The need to retain ownership over all aspects of the supply chain remains our biggest curse. After all, there is only so much that one person, one business or one enterprise can do entirely on its own. The parts that require collaboration across expertise and the pooling of resources remains unattended. The chain of cold storages that will bring fresh, healthy meat from the farms to the store is limited to paper.



One of the reasons that such collaborative supply chains fail to develop is because of the perception that there is finite profit: if I don’t lock in my share, somebody else will. The point that collaborative supply chains help to expand the available profits so that more is available to everyone is lost.



The single biggest limitation to the growth of effective supply chains is the lack of contract sanctity. Businesses can’t collaborate if they can’t be sure that their contract will be enforced by rule of law or if they can’t recover damages for the negligence of their partners. The absence of a sound regulatory and legal framework clearly undercuts the prospects of such supply chains.

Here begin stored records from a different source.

(* Let $N\ge1$, $\Psi_N$, $\Lambda_N$, $J_N$ be as follows: $(\Psi_N)_{jk}=\binom{j}{k}$ for $0\le j,k<N$; $\Lambda_N=\mathrm{diag}(1,-1,\dots,(-1)^{N-1})$; $J_N$ is the symmetric tridiagonal matrix with $(J_N)_{kk}=k(2k^2+3k+2-N^2)$ and $(J_N)_{k,k+1}=(J_N)_{k+1,k}=(k+1)(N^2-(k+1)^2)$. If $\vec v$ is an eigenvector of $J_N$ with eigenvalue $\lambda$, then $\Psi_N\Lambda_N\vec v$ (the signed binomial transform $w_j=\sum_{k=0}^{N-1}\binom{j}{k}(-1)^kv_k$) is an eigenvector of $J_N$ with eigenvalue $N^2-1-\lambda$. In particular, the spectrum of $J_N$ is invariant under $\lambda\mapsto N^2-1-\lambda$.
   Context: Matrix indices start at $0$. *)

theory Defs
  imports Complex_Main "Jordan_Normal_Form.Char_Poly"
begin

definition Psi_mat :: "nat \<Rightarrow> complex mat" where
  "Psi_mat N = mat N N (\<lambda>(j, k). of_nat (j choose k))"

definition Lambda_mat :: "nat \<Rightarrow> complex mat" where
  "Lambda_mat N = mat N N (\<lambda>(j, k). if j = k then (-1) ^ k else 0)"

definition J_mat :: "nat \<Rightarrow> complex mat" where
  "J_mat N = mat N N (\<lambda>(j, k).
     if j = k then of_int (int k * (2 * int k ^ 2 + 3 * int k + 2 - int N ^ 2))
     else if k = j + 1 then of_int ((int j + 1) * (int N ^ 2 - (int j + 1) ^ 2))
     else if j = k + 1 then of_int ((int k + 1) * (int N ^ 2 - (int k + 1) ^ 2))
     else 0)"

end

theory Submission
  imports Defs
begin

text \<open>
  Put \<open>S = \<Psi>\<^sub>N \<Lambda>\<^sub>N\<close>, so \<open>S\<^sub>j\<^sub>k = (-1)\<^sup>k (j choose k)\<close>. Everything follows from the
  anticommutation relation \<open>J S + S J = (N\<^sup>2 - 1) S\<close>: if \<open>J v = \<lambda> v\<close> then
  \<open>J (S v) = (N\<^sup>2 - 1) S v - S (J v) = (N\<^sup>2 - 1 - \<lambda>) S v\<close>, and \<open>S v \<noteq> 0\<close> since \<open>S\<close> is
  lower triangular with diagonal entries \<open>\<plusminus>1\<close>. Because \<open>J\<close> is tridiagonal, the
  \<open>(j, k)\<close> entry of the relation is a six-term identity between binomial coefficients. It is
  proved for generalised binomial coefficients \<open>x gchoose k\<close>, where it lies in the ideal
  generated by the absorption identities and Pascal's rule, so no case distinction on
  \<open>k \<le> j\<close> is needed.
\<close>

lemma smult_mat_mult_vec:
  assumes "A \<in> carrier_mat nr nc" and "v \<in> carrier_vec nc"
  shows "(c \<cdot>\<^sub>m A) *\<^sub>v v = c \<cdot>\<^sub>v (A *\<^sub>v (v :: 'a :: comm_semiring_0 vec))"
  using assms by (intro eq_vecI) (auto simp: scalar_prod_def sum_distrib_left mult.assoc)

lemma eigenvector_mult_vec_anticommuting:
  fixes A P :: "'a :: field mat"
  assumes A: "A \<in> carrier_mat n n" and P: "P \<in> carrier_mat n n" and "det P \<noteq> 0"
    and anticomm: "A * P + P * A = c \<cdot>\<^sub>m P"
    and "eigenvector A v lam"
  shows "eigenvector A (P *\<^sub>v v) (c - lam)"
proof -
  have v: "v \<in> carrier_vec n" and "v \<noteq> 0\<^sub>v n" and Av: "A *\<^sub>v v = lam \<cdot>\<^sub>v v"
    using \<open>eigenvector A v lam\<close> A by (auto simp: eigenvector_def)
  have Pv: "P *\<^sub>v v \<in> carrier_vec n" using P v by simp
  have "P *\<^sub>v v \<noteq> 0\<^sub>v n"
    using det_0_iff_vec_prod_zero[OF P] \<open>det P \<noteq> 0\<close> v \<open>v \<noteq> 0\<^sub>v n\<close> by blast
  have "A *\<^sub>v (P *\<^sub>v v) + lam \<cdot>\<^sub>v (P *\<^sub>v v) = A *\<^sub>v (P *\<^sub>v v) + P *\<^sub>v (A *\<^sub>v v)"
    using P v by (simp add: Av mult_mat_vec)
  also have "\<dots> = (A * P + P * A) *\<^sub>v v"
    using A P v by (simp add: add_mult_distrib_mat_vec[of _ n n])
  also have "\<dots> = c \<cdot>\<^sub>v (P *\<^sub>v v)"
    using P v by (simp add: anticomm smult_mat_mult_vec)
  finally have sum: "A *\<^sub>v (P *\<^sub>v v) + lam \<cdot>\<^sub>v (P *\<^sub>v v) = c \<cdot>\<^sub>v (P *\<^sub>v v)" .
  have "A *\<^sub>v (P *\<^sub>v v) = (c - lam) \<cdot>\<^sub>v (P *\<^sub>v v)"
  proof (rule eq_vecI)
    fix i assume "i < dim_vec ((c - lam) \<cdot>\<^sub>v (P *\<^sub>v v))"
    then have i: "i < n" using P by simp
    have "(A *\<^sub>v (P *\<^sub>v v)) $ i + lam * (P *\<^sub>v v) $ i = c * (P *\<^sub>v v) $ i"
      using arg_cong[OF sum, of "\<lambda>w. w $ i"] i A P by simp
    then show "(A *\<^sub>v (P *\<^sub>v v)) $ i = ((c - lam) \<cdot>\<^sub>v (P *\<^sub>v v)) $ i"
      using i P by (simp add: algebra_simps)
  qed (use A P in simp)
  then show ?thesis
    using Pv \<open>P *\<^sub>v v \<noteq> 0\<^sub>v n\<close> A by (simp add: eigenvector_def)
qed

lemma eigenvalue_reflect_iff_anticommuting:
  fixes A P :: "'a :: field mat"
  assumes "A \<in> carrier_mat n n" and "P \<in> carrier_mat n n" and "det P \<noteq> 0"
    and "A * P + P * A = c \<cdot>\<^sub>m P"
  shows "eigenvalue A (c - \<mu>) \<longleftrightarrow> eigenvalue A \<mu>"
proof
  assume "eigenvalue A (c - \<mu>)"
  then obtain v where "eigenvector A v (c - \<mu>)" unfolding eigenvalue_def ..
  from eigenvector_mult_vec_anticommuting[OF assms this] show "eigenvalue A \<mu>"
    unfolding eigenvalue_def by auto
next
  assume "eigenvalue A \<mu>"
  then obtain v where "eigenvector A v \<mu>" unfolding eigenvalue_def ..
  from eigenvector_mult_vec_anticommuting[OF assms this] show "eigenvalue A (c - \<mu>)"
    unfolding eigenvalue_def ..
qed

text \<open>\<open>s\<close> plays the role of \<open>N\<^sup>2\<close>; the entry \<open>(J\<^sub>N)\<^sub>k\<^sub>,\<^sub>k\<^sub>+\<^sub>1\<close> is \<open>J_offdiag (N\<^sup>2) (k + 1)\<close>.\<close>

definition J_diag :: "'a :: comm_ring_1 \<Rightarrow> 'a \<Rightarrow> 'a" where
  "J_diag s x = x * (2 * x\<^sup>2 + 3 * x + 2 - s)"

definition J_offdiag :: "'a :: comm_ring_1 \<Rightarrow> 'a \<Rightarrow> 'a" where
  "J_offdiag s x = x * (s - x\<^sup>2)"

lemma J_offdiag_0 [simp]: "J_offdiag s 0 = 0"
  by (simp add: J_offdiag_def)

lemma gbinomial_J_anticommute:
  fixes x s :: "'a :: field_char_0"
  shows "J_offdiag s x * ((x - 1) gchoose k) + J_diag s x * (x gchoose k)
       + J_offdiag s (x + 1) * ((x + 1) gchoose k) + J_diag s (of_nat k) * (x gchoose k)
     = (s - 1) * (x gchoose k) + J_offdiag s (of_nat k) * (x gchoose (k - 1))
       + J_offdiag s (of_nat k + 1) * (x gchoose (k + 1))"
proof (cases k)
  case 0
  then show ?thesis by (simp add: J_diag_def J_offdiag_def algebra_simps power2_eq_square)
next
  case (Suc m)
  have "(x - (of_nat m + 1)) * (x gchoose Suc m) = x * ((x - 1) gchoose Suc m)"
    using gbinomial_absorb_comp[of x "Suc m"] by (simp add: add.commute)
  moreover have "(of_nat m + 2) * (x gchoose Suc (Suc m)) = x * ((x - 1) gchoose Suc m)"
    using gbinomial_absorption[of "Suc m" x] by (simp add: add.commute)
  moreover have "(x + 1) gchoose Suc m = (x gchoose m) + (x gchoose Suc m)"
    by (rule gbinomial_Suc_Suc)
  moreover have "(of_nat m + 1) * (x gchoose Suc m) = x * ((x - 1) gchoose m)"
    using gbinomial_absorption[of m x] by (simp add: add.commute)
  moreover have "(x - of_nat m) * (x gchoose m) = x * ((x - 1) gchoose m)"
    by (rule gbinomial_absorb_comp)
  \<comment> \<open>The Groebner basis method of HOL; HOL-Algebra rebinds the short name \<open>algebra\<close>\<close>
  ultimately show ?thesis
    unfolding Suc J_diag_def J_offdiag_def by simp Groebner_Basis.algebra
qed

abbreviation (input) sq :: "nat \<Rightarrow> complex" where
  "sq N \<equiv> of_nat N ^ 2"

lemma J_mat_carrier: "J_mat N \<in> carrier_mat N N"
  by (simp add: J_mat_def)

lemma J_mat_entry:
  assumes "j < N" and "k < N"
  shows "J_mat N $$ (j, k) =
    (if j = k then J_diag (sq N) (of_nat k)
     else if k = j + 1 then J_offdiag (sq N) (of_nat k)
     else if j = k + 1 then J_offdiag (sq N) (of_nat j)
     else 0)"
  using assms by (simp add: J_mat_def J_diag_def J_offdiag_def algebra_simps)

lemma J_mat_symmetric: "j < N \<Longrightarrow> k < N \<Longrightarrow> J_mat N $$ (j, k) = J_mat N $$ (k, j)"
  by (auto simp: J_mat_entry)

lemma J_offdiag_mult_pred:
  fixes s :: "'a :: comm_ring_1" and f :: "'a \<Rightarrow> 'a"
  shows "J_offdiag s (of_nat i) * f (of_nat (i - 1)) = J_offdiag s (of_nat i) * f (of_nat i - 1)"
  by (cases i) simp_all

text \<open>The out-of-range neighbours \<open>g (0 - 1)\<close> and \<open>g N\<close> carry the weights
  \<open>J_offdiag (N\<^sup>2) 0 = J_offdiag (N\<^sup>2) N = 0\<close>.\<close>

lemma J_mat_row_sum:
  fixes g :: "nat \<Rightarrow> complex"
  assumes i: "i < N"
  shows "(\<Sum>l = 0..<N. J_mat N $$ (i, l) * g l) =
     J_offdiag (sq N) (of_nat i) * g (i - 1) + J_diag (sq N) (of_nat i) * g i
     + J_offdiag (sq N) (of_nat i + 1) * g (i + 1)"
proof -
  have "(\<Sum>l = 0..<N. J_mat N $$ (i, l) * g l) =
     (\<Sum>l = 0..<N. (if l = i then J_diag (sq N) (of_nat i) * g i else 0)
        + (if l = i + 1 then J_offdiag (sq N) (of_nat i + 1) * g (i + 1) else 0)
        + (if l = i - 1 \<and> 0 < i then J_offdiag (sq N) (of_nat i) * g (i - 1) else 0))"
    using i by (intro sum.cong) (auto simp: J_mat_entry add.commute)
  also have "\<dots> = J_diag (sq N) (of_nat i) * g i
      + (if i + 1 < N then J_offdiag (sq N) (of_nat i + 1) * g (i + 1) else 0)
      + (if 0 < i then J_offdiag (sq N) (of_nat i) * g (i - 1) else 0)"
    using i by (simp add: sum.distrib)
  also have "\<dots> = J_offdiag (sq N) (of_nat i) * g (i - 1) + J_diag (sq N) (of_nat i) * g i
     + J_offdiag (sq N) (of_nat i + 1) * g (i + 1)"
  proof -
    have "\<not> i + 1 < N \<Longrightarrow> of_nat i + 1 = (of_nat N :: complex)"
      using i by (metis Suc_eq_plus1 linorder_neqE_nat not_less_eq of_nat_Suc add.commute)
    then show ?thesis by (auto simp: J_offdiag_def)
  qed
  finally show ?thesis .
qed

definition signed_binomial_mat :: "nat \<Rightarrow> complex mat" where
  "signed_binomial_mat N = mat N N (\<lambda>(j, k). of_nat (j choose k) * (-1) ^ k)"

lemma signed_binomial_mat_carrier: "signed_binomial_mat N \<in> carrier_mat N N"
  by (simp add: signed_binomial_mat_def)

lemma Psi_mult_Lambda: "Psi_mat N * Lambda_mat N = signed_binomial_mat N"
proof (rule eq_matI)
  fix j k assume "j < dim_row (signed_binomial_mat N)" "k < dim_col (signed_binomial_mat N)"
  then have "j < N" "k < N" by (simp_all add: signed_binomial_mat_def)
  then show "(Psi_mat N * Lambda_mat N) $$ (j, k) = signed_binomial_mat N $$ (j, k)"
    by (simp add: Psi_mat_def Lambda_mat_def signed_binomial_mat_def scalar_prod_def
        if_distrib[of "\<lambda>y. _ * y"] cong: if_cong)
qed (simp_all add: Psi_mat_def Lambda_mat_def signed_binomial_mat_def)

lemma det_signed_binomial_mat: "det (signed_binomial_mat N) \<noteq> 0"
proof -
  have "det (signed_binomial_mat N) = prod_list (diag_mat (signed_binomial_mat N))"
    by (rule det_lower_triangular[OF _ signed_binomial_mat_carrier])
      (simp add: signed_binomial_mat_def)
  moreover have "0 \<notin> set (diag_mat (signed_binomial_mat N))"
    by (auto simp: diag_mat_def signed_binomial_mat_def)
  ultimately show ?thesis by simp
qed

lemma J_mult_signed_binomial_entry:
  assumes i: "i < N" and k: "k < N"
  defines "x \<equiv> of_nat i :: complex"
  shows "(J_mat N * signed_binomial_mat N) $$ (i, k) = (-1) ^ k *
      (J_offdiag (sq N) x * ((x - 1) gchoose k) + J_diag (sq N) x * (x gchoose k)
       + J_offdiag (sq N) (x + 1) * ((x + 1) gchoose k))"
proof -
  have "(J_mat N * signed_binomial_mat N) $$ (i, k)
      = (\<Sum>l = 0..<N. J_mat N $$ (i, l) * ((of_nat l gchoose k) * (-1) ^ k))"
    using i k J_mat_carrier[of N]
    by (auto simp: scalar_prod_def signed_binomial_mat_def binomial_gbinomial intro!: sum.cong)
  also have "\<dots> = J_offdiag (sq N) (of_nat i) * ((of_nat (i - 1) gchoose k) * (-1) ^ k)
      + J_diag (sq N) (of_nat i) * ((of_nat i gchoose k) * (-1) ^ k)
      + J_offdiag (sq N) (of_nat i + 1) * ((of_nat (i + 1) gchoose k) * (-1) ^ k)"
    by (rule J_mat_row_sum[OF i])
  also have "\<dots> = (-1) ^ k *
      (J_offdiag (sq N) x * ((x - 1) gchoose k) + J_diag (sq N) x * (x gchoose k)
       + J_offdiag (sq N) (x + 1) * ((x + 1) gchoose k))"
    using J_offdiag_mult_pred[of "sq N" i "\<lambda>y. (y gchoose k) * (-1) ^ k"]
    by (simp add: x_def algebra_simps)
  finally show ?thesis .
qed

lemma signed_binomial_mult_J_entry:
  assumes i: "i < N" and k: "k < N"
  defines "x \<equiv> of_nat i :: complex"
  shows "(signed_binomial_mat N * J_mat N) $$ (i, k) = (-1) ^ k *
      (J_diag (sq N) (of_nat k) * (x gchoose k) - J_offdiag (sq N) (of_nat k) * (x gchoose (k - 1))
       - J_offdiag (sq N) (of_nat k + 1) * (x gchoose (k + 1)))"
proof -
  have "(signed_binomial_mat N * J_mat N) $$ (i, k)
      = (\<Sum>l = 0..<N. J_mat N $$ (k, l) * ((x gchoose l) * (-1) ^ l))"
    using i k J_mat_carrier[of N]
    by (auto simp: scalar_prod_def signed_binomial_mat_def binomial_gbinomial x_def
        J_mat_symmetric intro!: sum.cong)
  also have "\<dots> = J_offdiag (sq N) (of_nat k) * ((x gchoose (k - 1)) * (-1) ^ (k - 1))
      + J_diag (sq N) (of_nat k) * ((x gchoose k) * (-1) ^ k)
      + J_offdiag (sq N) (of_nat k + 1) * ((x gchoose (k + 1)) * (-1) ^ (k + 1))"
    by (rule J_mat_row_sum[OF k])
  also have "\<dots> = (-1) ^ k *
      (J_diag (sq N) (of_nat k) * (x gchoose k) - J_offdiag (sq N) (of_nat k) * (x gchoose (k - 1))
       - J_offdiag (sq N) (of_nat k + 1) * (x gchoose (k + 1)))"
    by (cases k) (simp_all add: algebra_simps)
  finally show ?thesis .
qed

lemma J_signed_binomial_anticommute:
  "J_mat N * signed_binomial_mat N + signed_binomial_mat N * J_mat N
     = (sq N - 1) \<cdot>\<^sub>m signed_binomial_mat N"
proof (rule eq_matI)
  fix i k
  assume "i < dim_row ((sq N - 1) \<cdot>\<^sub>m signed_binomial_mat N)"
    and "k < dim_col ((sq N - 1) \<cdot>\<^sub>m signed_binomial_mat N)"
  then have i: "i < N" and k: "k < N" by (simp_all add: signed_binomial_mat_def)
  define x :: complex where "x = of_nat i"
  have combine: "t * a + t * (b - d - e) = t * c" if "a + b = c + d + e" for t a b c d e :: complex
    using that by Groebner_Basis.algebra
  have "(J_mat N * signed_binomial_mat N + signed_binomial_mat N * J_mat N) $$ (i, k)
      = (J_mat N * signed_binomial_mat N) $$ (i, k) + (signed_binomial_mat N * J_mat N) $$ (i, k)"
    using i k by (simp add: carrier_matD[OF J_mat_carrier] carrier_matD[OF signed_binomial_mat_carrier])
  also have "\<dots> = (-1) ^ k * ((sq N - 1) * (x gchoose k))"
    using combine[OF gbinomial_J_anticommute[of "sq N" x k], of "(-1) ^ k"]
    unfolding J_mult_signed_binomial_entry[OF i k] signed_binomial_mult_J_entry[OF i k] x_def .
  also have "\<dots> = ((sq N - 1) \<cdot>\<^sub>m signed_binomial_mat N) $$ (i, k)"
    using i k by (simp add: signed_binomial_mat_def binomial_gbinomial x_def)
  finally show "(J_mat N * signed_binomial_mat N + signed_binomial_mat N * J_mat N) $$ (i, k)
      = ((sq N - 1) \<cdot>\<^sub>m signed_binomial_mat N) $$ (i, k)" .
qed (use J_mat_carrier[of N] in \<open>simp_all add: signed_binomial_mat_def\<close>)

theorem mainTheorem9:
  fixes N :: nat and v :: "complex vec" and lam :: complex
  assumes "N \<ge> 1"
    and "eigenvector (J_mat N) v lam"
  shows "eigenvector (J_mat N) ((Psi_mat N * Lambda_mat N) *\<^sub>v v) (of_nat N ^ 2 - 1 - lam)
       \<and> (\<forall>\<mu>. eigenvalue (J_mat N) \<mu> \<longleftrightarrow> eigenvalue (J_mat N) (of_nat N ^ 2 - 1 - \<mu>))"
proof
  show "eigenvector (J_mat N) ((Psi_mat N * Lambda_mat N) *\<^sub>v v) (of_nat N ^ 2 - 1 - lam)"
    unfolding Psi_mult_Lambda
    by (rule eigenvector_mult_vec_anticommuting[OF J_mat_carrier signed_binomial_mat_carrier
        det_signed_binomial_mat J_signed_binomial_anticommute assms(2)])
  show "\<forall>\<mu>. eigenvalue (J_mat N) \<mu> \<longleftrightarrow> eigenvalue (J_mat N) (of_nat N ^ 2 - 1 - \<mu>)"
    using eigenvalue_reflect_iff_anticommuting[OF J_mat_carrier signed_binomial_mat_carrier
        det_signed_binomial_mat J_signed_binomial_anticommute] by blast
qed

end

But there are also ways that businesses can get around the absence of regulatory or legal certainty. They can create self-adopted norms for contract enforcements, binding voluntary rules for arbitration and settlement, and a better business bureau that requires adoption of a specific code of conduct. There are many such binding voluntary mechanisms that businesses could adopt in the absence of regulatory and legal certainty to provide a layer of protection for contract sanctity.



In the absence of healthy supply chains, our businesses will continue to remain stunted and our economy will continue to sputter. Once we strip away at the arguments for why supply chains are unable to evolve, we are left with the core observation that businesses operate in an environment of great distrust. It seems the only way to run a successful business in Nepal is to own everything from the start to the end.



Such level of distrust and the need to vertically integrate across the supply chain cannot provide the basis for a growing economy. One option may be to wait for our political leaders to sort it out and get their act together.



The other option is for businesses to be more proactive. They could do this by creating pockets of collaborative supply chain using binding voluntary agreements that challenge the negativity and prevailing mood of distrust.



Can businesses help create an ecosystem of interlocking, interdependent, mutually reinforcing enterprises that are reliant on success of each other? Somebody sure needs to show that there is hope.